| Records supplied |
definition slice_cosets :: "nat set set set \<Rightarrow> nat set set set \<Rightarrow> (nat set set \<Rightarrow> 'a::field) set
    \<Rightarrow> (nat set set \<Rightarrow> 'a) \<Rightarrow> nat set set \<Rightarrow> (nat set set \<Rightarrow> 'a) set" where
  "slice_cosets B1 B2 K v = (\<lambda>Q. if Q \<in> B2 then fcoset K (slice B1 v Q) else fcoset K (\<lambda>P. 0))"

lemma slice_linear:
  "slice B (\<lambda>P. v P + w P) Q = (\<lambda>P. slice B v Q P + slice B w Q P)"
  "slice B (\<lambda>P. c * v P) Q = (\<lambda>P. c * slice B v Q P)"
  "slice B (\<lambda>P. v P - w P) Q = (\<lambda>P. slice B v Q P - slice B w Q P)"
  unfolding slice_def by auto

lemma tensor_foulkes_simps:
  "mcar (tensor_foulkes M A b) =
     {f. \<forall>P. (P \<in> foulkes_basis A b \<longrightarrow> f P \<in> mcar M) \<and> (P \<notin> foulkes_basis A b \<longrightarrow> f P = mzero M)}"
  "madd (tensor_foulkes M A b) f f' P =
     (if P \<in> foulkes_basis A b then madd M (f P) (f' P) else mzero M)"
  "msmult (tensor_foulkes M A b) c f P =
     (if P \<in> foulkes_basis A b then msmult M c (f P) else mzero M)"
  "mact (tensor_foulkes M A b) g f P =
     (if P \<in> foulkes_basis A b then mact M g (f (pimg (inv' g) P)) else mzero M)"
  by (simp_all add: tensor_foulkes_def Let_def)

context prime_cycle
begin

lemma pimg_Rgrp_complement:
  assumes "h \<in> R" "\<forall>X\<in>Q. X \<subseteq> {l*p<..N}"
  shows "pimg h Q = Q"
proof -
  have "h ` X = X" if "X \<in> Q" for X
  proof -
    have "\<forall>x\<in>X. h x = x"
      using that assms(2) permutes_not_in[OF Rgrp_permutes[OF assms(1)]] by fastforce
    thus ?thesis by simp
  qed
  thus ?thesis unfolding pimg_def by simp
qed

lemma Rgrp_image_complement: "h \<in> R \<Longrightarrow> h ` {l*p<..N} = {l*p<..N}"
  using pimg_Rgrp_complement[of h "{{l*p<..N}}" N] unfolding pimg_def by simp
lemma to_PNi_hom: "group_hom G (PNi G) (to_PNi G)"
proof -
  have "to_PNi G (g \<otimes> h) = to_PNi G g \<otimes>\<^bsub>PNi G\<^esub> to_PNi G h"
    if "g \<in> carrier G" "h \<in> carrier G" for g h
    using normal.rcos_sum[OF Ni_normal that] unfolding to_PNi_def mult_PNi by (intro ext) simp
  then show ?thesis
    by (simp add: group_hom_def group_hom_axioms_def is_group group_PNi hom_def to_PNi_carrier)
qed

lemma PNi_proj_hom:
  assumes "K \<in> Ni G"
  shows "group_hom (PNi G) (G Mod K) (\<lambda>x. x K)"
proof -
  have "(\<lambda>x. x K) \<in> hom (PNi G) (G Mod K)"
    using PNi_rcosets assms by (auto simp: hom_def FactGroup_def mult_PNi)
  then show ?thesis
    by (simp add: group_hom_def group_hom_axioms_def group_PNi normal.factorgroup_is_group
        Ni_normal assms)
qed

lemma PNi_proj_surj:
  assumes "K \<in> Ni G"
  shows "(\<lambda>x. x K) ` carrier (PNi G) = carrier (G Mod K)"
proof
  show "(\<lambda>x. x K) ` carrier (PNi G) \<subseteq> carrier (G Mod K)"
    using PNi_rcosets assms by (force simp: FactGroup_def)
  show "carrier (G Mod K) \<subseteq> (\<lambda>x. x K) ` carrier (PNi G)"
  proof
    fix Y assume "Y \<in> carrier (G Mod K)"
    then obtain g where g: "g \<in> carrier G" "Y = K #> g"
      by (auto simp: carrier_FactGroup)
    then have "Y = to_PNi G g K"
      using assms by (simp add: to_PNi_def)
    then show "Y \<in> (\<lambda>x. x K) ` carrier (PNi G)"
      using to_PNi_carrier[OF g(1)] by blast
  qed
qed
(* Every pseudoforest $G$ with $\operatorname{cycles}(G)=\kappa(G)$ can be transformed into a unicyclic graph by a sequence of p-switches; that is, there are 2-switches $\tau_1,\dots,\tau_k$ ($k\ge0$) such that, with $G_0=G$ and $G_i=\tau_i(G_{i-1})$, each $\tau_i$ is a p-switch over $G_{i-1}$ and $G_k$ is unicyclic.
   Context: Graphs are finite, simple, undirected, labeled. A unicyclic graph is a connected graph with exactly one cycle; a pseudoforest is a graph each of whose components is a tree or a unicyclic graph. $\kappa(G)$ is the number of connected components and $\operatorname{cycles}(G)$ the number of subgraphs of $G$ isomorphic to a cycle. For vertices $a,b,c,d$, $A=\binom{a\ b}{c\ d}$ is interchangeable in $G$ if $ab,cd\in E(G)$, $\{a,b\}\cap\{c,d\}=\varnothing$, $ac,bd\notin E(G)$; the 2-switch $\tau_A$ sends $G$ to $G-ab-cd+ac+bd$ if $A$ is interchangeable and to $G$ otherwise (trivial). A nontrivial 2-switch $\tau$ over a pseudoforest $G$ is a p-switch if $\tau(G)$ is a pseudoforest. *)

theory Defs
  imports Main
begin

definition graph :: "'a set \<Rightarrow> 'a set set \<Rightarrow> bool" where
  "graph V E \<longleftrightarrow> finite V \<and> (\<forall>e\<in>E. \<exists>a b. a \<noteq> b \<and> a \<in> V \<and> b \<in> V \<and> e = {a, b})"

definition adj :: "'a set set \<Rightarrow> 'a \<Rightarrow> 'a \<Rightarrow> bool" where
  "adj E x y \<longleftrightarrow> {x, y} \<in> E \<and> x \<noteq> y"

definition reach :: "'a set \<Rightarrow> 'a set set \<Rightarrow> 'a \<Rightarrow> 'a \<Rightarrow> bool" where
  "reach V E x y \<longleftrightarrow> x \<in> V \<and> y \<in> V \<and> (adj E)\<^sup>*\<^sup>* x y"

definition connected_graph :: "'a set \<Rightarrow> 'a set set \<Rightarrow> bool" where
  "connected_graph V E \<longleftrightarrow> V \<noteq> {} \<and> (\<forall>x\<in>V. \<forall>y\<in>V. reach V E x y)"

definition components :: "'a set \<Rightarrow> 'a set set \<Rightarrow> 'a set set" where
  "components V E = (\<lambda>x. {y. reach V E x y}) ` V"

definition kappa :: "'a set \<Rightarrow> 'a set set \<Rightarrow> nat" where
  "kappa V E = card (components V E)"

text \<open>A subgraph isomorphic to a cycle is determined by its (nonempty) edge set C: the graph
spanned by C is connected and every vertex in it has degree exactly 2 within C (for a finite
simple graph this is exactly a cycle C_n, n >= 3).\<close>
definition is_cycle_subgraph :: "'a set set \<Rightarrow> 'a set set \<Rightarrow> bool" where
  "is_cycle_subgraph E C \<longleftrightarrow> C \<subseteq> E \<and> C \<noteq> {} \<and>
     (\<forall>v\<in>\<Union>C. card {e\<in>C. v \<in> e} = 2) \<and> connected_graph (\<Union>C) C"

definition cycles :: "'a set set \<Rightarrow> nat" where
  "cycles E = card {C. is_cycle_subgraph E C}"

definition induced_edges :: "'a set set \<Rightarrow> 'a set \<Rightarrow> 'a set set" where
  "induced_edges E W = {e\<in>E. e \<subseteq> W}"

definition unicyclic :: "'a set \<Rightarrow> 'a set set \<Rightarrow> bool" where
  "unicyclic V E \<longleftrightarrow> graph V E \<and> connected_graph V E \<and> cycles E = 1"

definition tree :: "'a set \<Rightarrow> 'a set set \<Rightarrow> bool" where
  "tree V E \<longleftrightarrow> graph V E \<and> connected_graph V E \<and> cycles E = 0"

definition pseudoforest :: "'a set \<Rightarrow> 'a set set \<Rightarrow> bool" where
  "pseudoforest V E \<longleftrightarrow> graph V E \<and>
     (\<forall>W\<in>components V E. tree W (induced_edges E W) \<or> unicyclic W (induced_edges E W))"

definition interchangeable :: "'a set set \<Rightarrow> 'a \<Rightarrow> 'a \<Rightarrow> 'a \<Rightarrow> 'a \<Rightarrow> bool" where
  "interchangeable E a b c d \<longleftrightarrow> {a, b} \<in> E \<and> {c, d} \<in> E \<and> {a, b} \<inter> {c, d} = {} \<and>
     {a, c} \<notin> E \<and> {b, d} \<notin> E"

definition two_switch :: "'a \<Rightarrow> 'a \<Rightarrow> 'a \<Rightarrow> 'a \<Rightarrow> 'a set set \<Rightarrow> 'a set set" where
  "two_switch a b c d E =
     (if interchangeable E a b c d then (E - {{a, b}, {c, d}}) \<union> {{a, c}, {b, d}} else E)"

definition p_switch :: "'a set \<Rightarrow> 'a set set \<Rightarrow> 'a \<Rightarrow> 'a \<Rightarrow> 'a \<Rightarrow> 'a \<Rightarrow> bool" where
  "p_switch V E a b c d \<longleftrightarrow> pseudoforest V E \<and> interchangeable E a b c d \<and>
     pseudoforest V (two_switch a b c d E)"

end

theory Submission
  imports Defs
begin

text \<open>
  A pseudoforest has at most one cycle per component, so cycles(G) = kappa(G) forces every
  component to be unicyclic. While there are two components W1, W2 with cycles C1, C2, switch
  an edge ab of C1 with an edge cd of C2 into ac, bd. Then W1 and W2 merge into one component
  and the other components are untouched. The merged component again has exactly one cycle,
  namely (C1 - ab) + (C2 - cd) + {ac, bd}: a cycle crosses the cut between W1 and W2 an even
  number of times, so it uses both new edges or neither; if neither, it is an old cycle that
  avoids C1 and C2 and hence lies in another component; if both, switching back gives a
  2-regular edge set whose parts in W1 and W2 contain cycles, i.e. C1 and C2. Each such
  p-switch lowers kappa by one, so the process ends with a unicyclic graph.
\<close>

section \<open>Connected components\<close>

lemma symp_adj: "symp (adj E)"
  unfolding adj_def by (rule sympI) (auto simp: insert_commute)

lemma adj_rtranclp_sym: "(adj E)\<^sup>*\<^sup>* x y \<Longrightarrow> (adj E)\<^sup>*\<^sup>* y x"
  using sympD[OF symp_rtranclp[OF symp_adj]] .

lemma adj_rtranclp_mono: "(adj C)\<^sup>*\<^sup>* x y \<Longrightarrow> C \<subseteq> E \<Longrightarrow> (adj E)\<^sup>*\<^sup>* x y"
  using mono_rtranclp[of "adj C" "adj E"] by (auto simp: adj_def)

definition component_of :: "'a set \<Rightarrow> 'a set set \<Rightarrow> 'a \<Rightarrow> 'a set" where
  "component_of V E x = {y. reach V E x y}"

lemma components_eq_image: "components V E = component_of V E ` V"
  unfolding components_def component_of_def ..

context
  fixes V :: "'a set" and E :: "'a set set"
  assumes G: "graph V E"
begin

lemma finite_vertices: "finite V"
  using G unfolding graph_def by simp

lemma finite_edges: "finite E"
proof (rule finite_subset)
  show "E \<subseteq> Pow V" using G unfolding graph_def by auto
qed (simp add: finite_vertices)

lemma edgeE:
  assumes "e \<in> E"
  obtains x y where "x \<noteq> y" "x \<in> V" "y \<in> V" "e = {x, y}"
  using G assms unfolding graph_def by blast

lemma edge_subset_vertices: "e \<in> E \<Longrightarrow> e \<subseteq> V"
  by (metis edgeE empty_subsetI insert_subset)

lemma adj_rtranclp_in_vertices: "(adj E)\<^sup>*\<^sup>* x y \<Longrightarrow> x \<in> V \<Longrightarrow> y \<in> V"
proof (induction rule: rtranclp_induct)
  case (step y z)
  then show ?case using G unfolding adj_def graph_def by (metis doubleton_eq_iff)
qed

lemma mem_component_of_iff: "x \<in> V \<Longrightarrow> y \<in> component_of V E x \<longleftrightarrow> (adj E)\<^sup>*\<^sup>* x y"
  unfolding component_of_def reach_def using adj_rtranclp_in_vertices by blast

lemma component_of_self: "x \<in> V \<Longrightarrow> x \<in> component_of V E x"
  by (simp add: mem_component_of_iff)

lemma component_eq_component_of:
  assumes "W \<in> components V E" "x \<in> W"
  shows "x \<in> V" "W = component_of V E x"
proof -
  obtain z where z: "z \<in> V" "W = component_of V E z"
    using assms(1) unfolding components_eq_image by blast
  then have zx: "(adj E)\<^sup>*\<^sup>* z x" using assms(2) mem_component_of_iff by blast
  then show "x \<in> V" using adj_rtranclp_in_vertices z(1) by blast
  have "(adj E)\<^sup>*\<^sup>* x y \<longleftrightarrow> (adj E)\<^sup>*\<^sup>* z y" for y
    using zx adj_rtranclp_sym rtranclp_trans by metis
  then show "W = component_of V E x"
    using z \<open>x \<in> V\<close> by (auto simp: mem_component_of_iff)
qed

| What needs to be done |
Every line of the listing that holds the word "number" is to be found and copied.

| Exercise solution |
   Context: Graphs are finite, simple, undirected, labeled. A unicyclic graph is a connected graph with exactly one cycle; a pseudoforest is a graph each of whose components is a tree or a unicyclic graph. $\kappa(G)$ is the number of connected components and $\operatorname{cycles}(G)$ the number of subgraphs of $G$ isomorphic to a cycle. For vertices $a,b,c,d$, $A=\binom{a\ b}{c\ d}$ is interchangeable in $G$ if $ab,cd\in E(G)$, $\{a,b\}\cap\{c,d\}=\varnothing$, $ac,bd\notin E(G)$; the 2-switch $\tau_A$ sends $G$ to $G-ab-cd+ac+bd$ if $A$ is interchangeable and to $G$ otherwise (trivial). A nontrivial 2-switch $\tau$ over a pseudoforest $G$ is a p-switch if $\tau(G)$ is a pseudoforest. *)
  number of times, so it uses both new edges or neither; if neither, it is an old cycle that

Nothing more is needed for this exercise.